## Work request
Your answer should reproduce the full set of records exactly as given.

-- The records follows --

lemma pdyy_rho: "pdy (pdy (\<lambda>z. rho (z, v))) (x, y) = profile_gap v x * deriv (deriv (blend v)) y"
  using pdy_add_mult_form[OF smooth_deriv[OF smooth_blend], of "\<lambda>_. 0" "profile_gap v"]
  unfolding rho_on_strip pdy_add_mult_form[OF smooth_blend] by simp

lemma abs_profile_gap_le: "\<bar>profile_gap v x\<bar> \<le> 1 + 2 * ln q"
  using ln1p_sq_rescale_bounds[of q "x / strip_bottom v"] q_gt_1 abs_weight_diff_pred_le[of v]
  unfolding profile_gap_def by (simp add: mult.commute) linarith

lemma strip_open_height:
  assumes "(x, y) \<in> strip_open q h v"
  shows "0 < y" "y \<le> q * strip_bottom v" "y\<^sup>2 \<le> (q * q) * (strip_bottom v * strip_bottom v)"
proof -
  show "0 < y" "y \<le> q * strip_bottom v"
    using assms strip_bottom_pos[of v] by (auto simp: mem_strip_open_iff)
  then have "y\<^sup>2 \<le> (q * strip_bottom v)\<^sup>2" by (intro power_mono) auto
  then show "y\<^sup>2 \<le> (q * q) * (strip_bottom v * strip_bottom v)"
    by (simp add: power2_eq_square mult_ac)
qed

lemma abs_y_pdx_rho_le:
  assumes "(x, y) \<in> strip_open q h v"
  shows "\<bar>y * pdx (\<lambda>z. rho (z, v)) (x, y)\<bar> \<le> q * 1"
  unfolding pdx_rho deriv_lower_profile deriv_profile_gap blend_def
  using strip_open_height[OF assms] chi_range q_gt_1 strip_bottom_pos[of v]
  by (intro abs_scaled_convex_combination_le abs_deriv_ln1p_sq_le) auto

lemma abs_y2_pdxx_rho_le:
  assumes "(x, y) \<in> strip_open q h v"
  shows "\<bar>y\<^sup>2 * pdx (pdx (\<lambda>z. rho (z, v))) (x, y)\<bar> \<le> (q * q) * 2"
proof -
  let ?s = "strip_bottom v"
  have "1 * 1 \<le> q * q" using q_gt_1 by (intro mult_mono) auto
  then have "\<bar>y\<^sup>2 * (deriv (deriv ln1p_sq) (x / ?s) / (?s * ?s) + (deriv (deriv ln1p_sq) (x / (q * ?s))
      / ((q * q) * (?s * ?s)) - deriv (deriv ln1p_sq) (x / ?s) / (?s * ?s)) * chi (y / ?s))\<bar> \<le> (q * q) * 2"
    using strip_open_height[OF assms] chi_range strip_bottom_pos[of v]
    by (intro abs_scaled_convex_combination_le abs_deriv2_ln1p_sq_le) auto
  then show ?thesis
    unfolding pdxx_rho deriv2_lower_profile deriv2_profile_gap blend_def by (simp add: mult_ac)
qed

-- The records concluded --

## Solved exercise
lemma pdyy_rho: "pdy (pdy (\<lambda>z. rho (z, v))) (x, y) = profile_gap v x * deriv (deriv (blend v)) y"
  using pdy_add_mult_form[OF smooth_deriv[OF smooth_blend], of "\<lambda>_. 0" "profile_gap v"]
  unfolding rho_on_strip pdy_add_mult_form[OF smooth_blend] by simp

lemma abs_profile_gap_le: "\<bar>profile_gap v x\<bar> \<le> 1 + 2 * ln q"
  using ln1p_sq_rescale_bounds[of q "x / strip_bottom v"] q_gt_1 abs_weight_diff_pred_le[of v]
  unfolding profile_gap_def by (simp add: mult.commute) linarith

lemma strip_open_height:
  assumes "(x, y) \<in> strip_open q h v"
  shows "0 < y" "y \<le> q * strip_bottom v" "y\<^sup>2 \<le> (q * q) * (strip_bottom v * strip_bottom v)"
proof -
  show "0 < y" "y \<le> q * strip_bottom v"
    using assms strip_bottom_pos[of v] by (auto simp: mem_strip_open_iff)
  then have "y\<^sup>2 \<le> (q * strip_bottom v)\<^sup>2" by (intro power_mono) auto
  then show "y\<^sup>2 \<le> (q * q) * (strip_bottom v * strip_bottom v)"
    by (simp add: power2_eq_square mult_ac)
qed

lemma abs_y_pdx_rho_le:
  assumes "(x, y) \<in> strip_open q h v"
  shows "\<bar>y * pdx (\<lambda>z. rho (z, v)) (x, y)\<bar> \<le> q * 1"
  unfolding pdx_rho deriv_lower_profile deriv_profile_gap blend_def
  using strip_open_height[OF assms] chi_range q_gt_1 strip_bottom_pos[of v]
  by (intro abs_scaled_convex_combination_le abs_deriv_ln1p_sq_le) auto

lemma abs_y2_pdxx_rho_le:
  assumes "(x, y) \<in> strip_open q h v"
  shows "\<bar>y\<^sup>2 * pdx (pdx (\<lambda>z. rho (z, v))) (x, y)\<bar> \<le> (q * q) * 2"
proof -
  let ?s = "strip_bottom v"
  have "1 * 1 \<le> q * q" using q_gt_1 by (intro mult_mono) auto
  then have "\<bar>y\<^sup>2 * (deriv (deriv ln1p_sq) (x / ?s) / (?s * ?s) + (deriv (deriv ln1p_sq) (x / (q * ?s))
      / ((q * q) * (?s * ?s)) - deriv (deriv ln1p_sq) (x / ?s) / (?s * ?s)) * chi (y / ?s))\<bar> \<le> (q * q) * 2"
    using strip_open_height[OF assms] chi_range strip_bottom_pos[of v]
    by (intro abs_scaled_convex_combination_le abs_deriv2_ln1p_sq_le) auto
  then show ?thesis
    unfolding pdxx_rho deriv2_lower_profile deriv2_profile_gap blend_def by (simp add: mult_ac)
qed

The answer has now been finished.